#' Creates ensemble models from several algorithms
#'
#' This function reads the output of \code{final_model} for each species and
#' multiple algorithms and builds a simple ensemble model by calculating the
#' mean of the final models in order to obtain one model per species. It also
#' calculates median, standard deviation and range (maximum - minimum)
#'
#' @inheritParams setup_sdmdata
#' @inheritParams final_model
#' @param ensemble_dir Character string, name of the folder to save the output
#' files. A subfolder will be created. Defaults to "\code{ensemble}"
#' @param algorithms Character vector specifying which algorithms will be
#' processed. Note that it can have length > 1, ex. \code{c("bioclim", "rf")}.
#' Defaults to NULL: it no name is given it will process all algorithms present
#' in the final_models folder
#' @param which_ensemble Which method to apply consensus between algorithms will
#' be used? Current options are:
#' \describe{
#' \item{\code{best}}{Selects models from the best-performing algorithm. A
#' performance metric must be specified (\code{performance_metric}). Parameter
#' \code{which_final} indicates which model will be returned}
#' \item{\code{average}}{Computes the means between models. Parameter
#' \code{which_final} indicates which model will be returned}
#' \item{\code{weighted_average}}{Computes a weighted mean between models. A
#' performance metric must be specified. Parameter \code{which_final} indicates
#' which model will be returned}
#' \item{\code{median}}{Computes the median between models. Parameter
#' \code{which_final} indicates which model will be returned}
#' \item{\code{frequency}}{Computes the mean between binary models, which is
#' analogous to calculating a relative consensus}
#' \item{\code{consensus}}{Computes a binary model with the final consensus area.

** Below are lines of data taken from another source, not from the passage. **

(* Consider the equation $u_{tx}=2u_yu_{xx}+4u_xu_{xy}-u_{xxxy}$ and the hierarchy of symmetries $\{\chi_{2k+1}\}_{k\ge0}$ defined by $\chi_1=u_x$ and $\mathcal{R}_0(\chi_{2k+1})=-\chi_{2k+3}$, where $\Psi=\mathcal{R}_0(\Phi)$ iff $\Psi_x=4u_x\Phi_x+2u_{xx}\Phi-\Phi_{xxx}$, $\Psi_y=\Phi_t-2u_y\Phi_x+2u_{xy}\Phi$. Then this hierarchy is commutative: the Jacobi bracket $\{\chi_{2i+1},\chi_{2j+1}\}$ vanishes for all $i,j\ge 0$.
   Context: Symmetries are generating functions $\phi$ satisfying the linearized equation $D_xD_t\phi-2u_{xx}D_y\phi-2u_yD_x^2\phi-4u_{xy}D_x\phi-4u_xD_xD_y\phi+D_x^3D_y\phi=0$ on solutions. The symmetries $\chi_{2k+1}$ are local functions of $u$ and its $x$-derivatives (e.g. $\chi_3=u_{xxx}-3u_x^2$). The Jacobi bracket of generating functions $\phi_1,\phi_2$ is $\{\phi_1,\phi_2\}=\sum_\sigma\big(D_\sigma(\phi_1)\partial\phi_2/\partial u_\sigma-D_\sigma(\phi_2)\partial\phi_1/\partial u_\sigma\big)$, the generating function of the commutator of the evolutionary vector fields $\mathrm{Ev}_{\phi_1},\mathrm{Ev}_{\phi_2}$. *)

theory Defs
  imports "HOL-Analysis.Analysis"
begin

text \<open>A point p assigns to (i,j) the value
of u_{x^i y^j}.  The mixed derivatives u_{x^i y^j t} with i >= 1 are eliminated via the
equation u_{tx} = E; the only t-coordinate a function of x-derivatives can see is u_t,
which is an independent internal coordinate and is passed separately.\<close>

type_synonym jet = "nat \<times> nat \<Rightarrow> real"
type_synonym dfun = "jet \<Rightarrow> real"

inductive dpoly :: "dfun \<Rightarrow> bool" where
  dpoly_const: "dpoly (\<lambda>p. c)"
| dpoly_coord: "dpoly (\<lambda>p. p \<sigma>)"
| dpoly_add: "dpoly F \<Longrightarrow> dpoly G \<Longrightarrow> dpoly (\<lambda>p. F p + G p)"
| dpoly_mult: "dpoly F \<Longrightarrow> dpoly G \<Longrightarrow> dpoly (\<lambda>p. F p * G p)"

definition depends_below :: "nat \<Rightarrow> dfun \<Rightarrow> bool" where
  "depends_below N F \<longleftrightarrow>
     (\<forall>p q. (\<forall>i j. i < N \<and> j < N \<longrightarrow> p (i, j) = q (i, j)) \<longrightarrow> F p = F q)"

definition dsupp :: "dfun \<Rightarrow> nat" where
  "dsupp F = (SOME N. depends_below N F)"

definition pd :: "nat \<times> nat \<Rightarrow> dfun \<Rightarrow> dfun" where
  "pd \<sigma> F = (\<lambda>p. deriv (\<lambda>s. F (p(\<sigma> := s))) (p \<sigma>))"

definition Dx :: "dfun \<Rightarrow> dfun" where
  "Dx F = (\<lambda>p. \<Sum>i<dsupp F. \<Sum>j<dsupp F. pd (i, j) F p * p (Suc i, j))"

definition Dy :: "dfun \<Rightarrow> dfun" where
  "Dy F = (\<lambda>p. \<Sum>i<dsupp F. \<Sum>j<dsupp F. pd (i, j) F p * p (i, Suc j))"

definition Eqn :: dfun where
  "Eqn = (\<lambda>p. 2 * p (0, 1) * p (2, 0) + 4 * p (1, 0) * p (1, 1) - p (3, 1))"

definition xfun :: "dfun \<Rightarrow> bool" where
  "xfun F \<longleftrightarrow> dpoly F \<and> (\<forall>p q. (\<forall>i. p (i, 0) = q (i, 0)) \<longrightarrow> F p = F q)"

text \<open>Total t-derivative on solutions, for a function F of u and its x-derivatives;
ut is the value of the (internal) coordinate u_t, and u_{x^i t} = D_x^{i-1} E for i >= 1.\<close>
definition Dt_x :: "dfun \<Rightarrow> real \<Rightarrow> dfun" where
  "Dt_x F ut = (\<lambda>p. pd (0, 0) F p * ut
       + (\<Sum>i\<in>{1..<dsupp F}. pd (i, 0) F p * (Dx ^^ (i - 1)) Eqn p))"

definition R0 :: "dfun \<Rightarrow> dfun \<Rightarrow> bool" where
  "R0 \<Phi> \<Psi> \<longleftrightarrow>
     Dx \<Psi> = (\<lambda>p. 4 * p (1, 0) * Dx \<Phi> p + 2 * p (2, 0) * \<Phi> p - (Dx ^^ 3) \<Phi> p)
   \<and> (\<forall>ut. Dy \<Psi> = (\<lambda>p. Dt_x \<Phi> ut p - 2 * p (0, 1) * Dx \<Phi> p + 2 * p (1, 1) * \<Phi> p))"

text \<open>Jacobi bracket; only the x,y-jet coordinates are summed since the arguments do not
depend on coordinates involving t-derivatives.\<close>
definition jbr :: "dfun \<Rightarrow> dfun \<Rightarrow> dfun" where
  "jbr F G = (\<lambda>p. let N = max (dsupp F) (dsupp G) in
     \<Sum>i<N. \<Sum>j<N. (Dx ^^ i) ((Dy ^^ j) F) p * pd (i, j) G p
                  - (Dx ^^ i) ((Dy ^^ j) G) p * pd (i, j) F p)"

end

theory Submission
  imports Defs
begin
(* For every positive integer $g$, there exists a $2$-coverable loopless binary matroid $M$ such that in any rank-preserving rainbow circuit-free coloring of $M$, one of the colors is used at least $g$ times.
   Context: A coloring of the ground set $S$ of $M$ is a partition of $S$ into nonempty color classes; it is rainbow circuit-free if no circuit of $M$ has all its elements of pairwise different colors, and rank-preserving if the number of colors equals the rank of $M$. A matroid is $k$-coverable if its ground set can be covered by at most $k$ independent sets. A matroid is binary if it is representable over $GF(2)$. *)

theory Defs
  imports Main "HOL-Library.Z2" "HOL-Library.Disjoint_Sets"
begin

definition matroid :: "'a set \<Rightarrow> ('a set \<Rightarrow> bool) \<Rightarrow> bool" where
  "matroid S indep \<longleftrightarrow>
     finite S \<and>
     (\<forall>X. indep X \<longrightarrow> X \<subseteq> S) \<and>
     indep {} \<and>
     (\<forall>X Y. indep X \<longrightarrow> Y \<subseteq> X \<longrightarrow> indep Y) \<and>
     (\<forall>X Y. indep X \<longrightarrow> indep Y \<longrightarrow> card X < card Y \<longrightarrow>
        (\<exists>y\<in>Y - X. indep (insert y X)))"

definition circuit :: "'a set \<Rightarrow> ('a set \<Rightarrow> bool) \<Rightarrow> 'a set \<Rightarrow> bool" where
  "circuit S indep C \<longleftrightarrow> C \<subseteq> S \<and> \<not> indep C \<and> (\<forall>D. D \<subset> C \<longrightarrow> indep D)"

definition mrank :: "'a set \<Rightarrow> ('a set \<Rightarrow> bool) \<Rightarrow> nat" where
  "mrank S indep = Max (card ` {X. X \<subseteq> S \<and> indep X})"

definition loopless :: "'a set \<Rightarrow> ('a set \<Rightarrow> bool) \<Rightarrow> bool" where
  "loopless S indep \<longleftrightarrow> (\<forall>e\<in>S. indep {e})"

definition coverable :: "nat \<Rightarrow> 'a set \<Rightarrow> ('a set \<Rightarrow> bool) \<Rightarrow> bool" where
  "coverable k S indep \<longleftrightarrow>
     (\<exists>F. finite F \<and> card F \<le> k \<and> (\<forall>I\<in>F. indep I) \<and> S \<subseteq> \<Union>F)"

text \<open>Linear independence over GF(2) of the family (v x) indexed by x in X, vectors in GF(2)^nat:
  over GF(2) a nontrivial linear combination is the sum over a nonempty subfamily.\<close>
definition gf2_indep :: "('a \<Rightarrow> nat \<Rightarrow> bit) \<Rightarrow> 'a set \<Rightarrow> bool" where
  "gf2_indep v X \<longleftrightarrow>
     (\<forall>Y. Y \<subseteq> X \<longrightarrow> Y \<noteq> {} \<longrightarrow> (\<lambda>i. \<Sum>y\<in>Y. v y i) \<noteq> (\<lambda>i. 0))"

definition binary :: "'a set \<Rightarrow> ('a set \<Rightarrow> bool) \<Rightarrow> bool" where
  "binary S indep \<longleftrightarrow>
     (\<exists>v :: 'a \<Rightarrow> nat \<Rightarrow> bit. \<forall>X. X \<subseteq> S \<longrightarrow> (indep X \<longleftrightarrow> gf2_indep v X))"

text \<open>A coloring is a partition P of S into nonempty color classes.\<close>
definition rainbow_circuit_free :: "'a set \<Rightarrow> ('a set \<Rightarrow> bool) \<Rightarrow> 'a set set \<Rightarrow> bool" where
  "rainbow_circuit_free S indep P \<longleftrightarrow>
     \<not> (\<exists>C. circuit S indep C \<and> (\<forall>B\<in>P. card (C \<inter> B) \<le> 1))"

definition rank_preserving :: "'a set \<Rightarrow> ('a set \<Rightarrow> bool) \<Rightarrow> 'a set set \<Rightarrow> bool" where
  "rank_preserving S indep P \<longleftrightarrow> card P = mrank S indep"

end

theory Submission
  imports Defs "HOL-Library.Nat_Bijection" "HOL-Library.Function_Algebras"
begin
definition sigma_sq ::
  "('x::finite \<times> 'a \<Rightarrow> 'x \<Rightarrow> real) \<Rightarrow> real \<Rightarrow> ('x \<times> 'a \<Rightarrow> real) \<Rightarrow> (nat \<Rightarrow> 'x \<Rightarrow> 'a)
    \<Rightarrow> nat \<Rightarrow> 'x \<times> 'a \<Rightarrow> real" where
  "sigma_sq P \<gamma> r \<pi>s k = varP P (if k = 0 then vpi P \<gamma> r (\<pi>s 0) else vprime P \<gamma> r \<pi>s (k - 1))"

lemma sigma_eq_sqrt_sigma_sq: "sigma P \<gamma> r \<pi>s k = (\<lambda>xa. sqrt (sigma_sq P \<gamma> r \<pi>s k xa))"
  by (simp add: sigma_def sigma_sq_def)

\<comment> \<open>The term (P v')^2 of the variance cancels against the one in (q')^2.\<close>
lemma total_variance_step:
  "\<gamma> * discounted_backward_sum P \<pi>s \<gamma> (sigma_sq P \<gamma> r \<pi>s) (Suc k) xa + (qprime P \<gamma> r \<pi>s (Suc k) xa)\<^sup>2
     = \<gamma> * Papp P (\<lambda>y. \<gamma> * discounted_backward_sum P \<pi>s \<gamma> (sigma_sq P \<gamma> r \<pi>s) k (y, \<pi>s k y)
                        + \<gamma> * (vprime P \<gamma> r \<pi>s k y)\<^sup>2) xa
       + (2 * r xa * qprime P \<gamma> r \<pi>s (Suc k) xa - (r xa)\<^sup>2)"
  unfolding discounted_backward_sum_Suc
  by (simp add: sigma_sq_def varP_def vprime_def Ppi_apply Papp_add Papp_cmult
      power2_eq_square algebra_simps)

locale discounted_mdp =
  fixes P :: "'x::finite \<times> 'a::finite \<Rightarrow> 'x \<Rightarrow> real" and \<gamma> :: real and r :: "'x \<times> 'a \<Rightarrow> real"
  assumes stochastic: "stochastic_kernel P"
    and discount_nonneg: "0 \<le> \<gamma>" and discount_less_one: "\<gamma> < 1"
    and reward_bounded: "\<bar>r xa\<bar> \<le> 1"
begin

definition H :: real where
  "H = 1 / (1 - \<gamma>)"

lemma horizon_nonneg: "0 \<le> H"
  using discount_less_one by (simp add: H_def)

lemma one_plus_discount_horizon: "1 + \<gamma> * H = H"
  using discount_less_one by (simp add: H_def field_simps)

lemma discounted_weights_le: "(\<Sum>j<k. \<gamma>^(j+1)) \<le> \<gamma> * H"
proof -
  have "(\<Sum>j<k. \<gamma>^(j+1)) = \<gamma> * ((1 - \<gamma>^k) / (1 - \<gamma>))"
    using discount_less_one by (simp add: sum_gp_strict flip: sum_distrib_left)
  also have "\<dots> \<le> \<gamma> * H"
    unfolding H_def using discount_nonneg discount_less_one
    by (intro mult_left_mono divide_right_mono) auto
  finally show ?thesis .
qed

lemma abs_qpi_le: "\<bar>qpi P \<gamma> r \<pi> xa\<bar> \<le> H"
  unfolding H_def
  using abs_bellman_fixed_point_le[OF stochastic discount_nonneg discount_less_one
      reward_bounded qpi_bellman[OF stochastic discount_nonneg discount_less_one]] .

lemma abs_qprime_le: "\<bar>qprime P \<gamma> r \<pi>s k xa\<bar> \<le> H"
proof (induction k arbitrary: xa)
  case 0
  show ?case by (simp add: abs_qpi_le)
next
  case (Suc k)
  have "\<bar>qprime P \<gamma> r \<pi>s (Suc k) xa\<bar> \<le> 1 + \<gamma> * H"
    unfolding qprime_Suc
    by (rule abs_bellman_op_le[OF stochastic discount_nonneg reward_bounded Suc.IH])
  then show ?case
    by (simp only: one_plus_discount_horizon)
qed

lemma total_variance_bound:
  "\<gamma> * discounted_backward_sum P \<pi>s \<gamma> (sigma_sq P \<gamma> r \<pi>s) k xa + (qprime P \<gamma> r \<pi>s k xa)\<^sup>2
     \<le> 2 * H\<^sup>2"
proof (induction k arbitrary: xa)
  case 0
  have "\<bar>qprime P \<gamma> r \<pi>s 0 xa\<bar>\<^sup>2 \<le> H\<^sup>2"
    by (rule power_mono[OF abs_qprime_le]) simp
  then have "(qprime P \<gamma> r \<pi>s 0 xa)\<^sup>2 \<le> H\<^sup>2"
    by simp
  also have "\<dots> \<le> 2 * H\<^sup>2"
    by simp
  finally show ?case
    by (simp add: discounted_backward_sum_def)
next
  case (Suc k)
  define v where "v = vprime P \<gamma> r \<pi>s k"
  define W where "W = discounted_backward_sum P \<pi>s \<gamma> (sigma_sq P \<gamma> r \<pi>s) k"
  define q where "q = qprime P \<gamma> r \<pi>s (Suc k) xa"
  have "\<gamma> * discounted_backward_sum P \<pi>s \<gamma> (sigma_sq P \<gamma> r \<pi>s) (Suc k) xa + q\<^sup>2
      = \<gamma> * Papp P (\<lambda>y. \<gamma> * W (y, \<pi>s k y) + \<gamma> * (v y)\<^sup>2) xa + (2 * r xa * q - (r xa)\<^sup>2)"
    unfolding W_def v_def q_def by (rule total_variance_step)
  also have "\<dots> \<le> \<gamma> * (2 * H\<^sup>2) + 2 * H"
  proof (intro add_mono mult_left_mono discount_nonneg)
    have "\<gamma> * W (y, \<pi>s k y) + \<gamma> * (v y)\<^sup>2 \<le> 2 * H\<^sup>2" for y
      using Suc.IH[of "(y, \<pi>s k y)"] discount_less_one
        mult_right_mono[of \<gamma> 1 "(v y)\<^sup>2"]
      by (simp add: W_def v_def vprime_def pol_app_def)
    then have "Papp P (\<lambda>y. \<gamma> * W (y, \<pi>s k y) + \<gamma> * (v y)\<^sup>2) xa \<le> Papp P (\<lambda>_. 2 * H\<^sup>2) xa"
      by (intro Papp_mono[OF stochastic])
    then show "Papp P (\<lambda>y. \<gamma> * W (y, \<pi>s k y) + \<gamma> * (v y)\<^sup>2) xa \<le> 2 * H\<^sup>2"
      by (simp only: Papp_const[OF stochastic])
    have "\<bar>r xa\<bar> * \<bar>q\<bar> \<le> 1 * H"
      unfolding q_def by (intro mult_mono reward_bounded abs_qprime_le abs_ge_zero zero_le_one)
    then have "r xa * q \<le> H"
      using abs_ge_self[of "r xa * q"] unfolding abs_mult by linarith
    then show "2 * r xa * q - (r xa)\<^sup>2 \<le> 2 * H"
      using zero_le_power2[of "r xa"] by linarith
  qed
  also have "\<dots> = 2 * H * (1 + \<gamma> * H)"
    by (simp add: power2_eq_square algebra_simps)
  also have "\<dots> = 2 * H\<^sup>2"
    by (simp add: one_plus_discount_horizon power2_eq_square)
  finally show ?case
    by (simp add: q_def)
qed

#' A \code{consensus_level} must be specified}
#' \item{\code{pca}}{Computes a PCA between the models for each algorithm and extract the first axis, that summarizes variation between them}
#' }
#' @param which_final Which \code{final_model} will be used to calculate the
#' average, weighted average or median ensembles? See \code{\link{final_model}}
#' @param performance_metric Which performance metric will be used to define
#' the \code{"best"} algorithm any in \code{c("AUC", "pROC", "TSSmax",
#' "KAPPAmax", "CCR", "F_score", "Jaccard")}
#' @param dismo_threshold Character string indicating threshold (cut-off) to
#' transform raw_mean final models to binary for frequency and consensus methods.
#' The options are from \code{\link[dismo]{threshold}}:
#' "\code{kappa}", "\code{spec_sens}", "\code{no_omission}",
#' "\code{prevalence}", "\code{equal_sens_spec}",
#' "\code{sensitivity}". Default value is "\code{spec_sens}"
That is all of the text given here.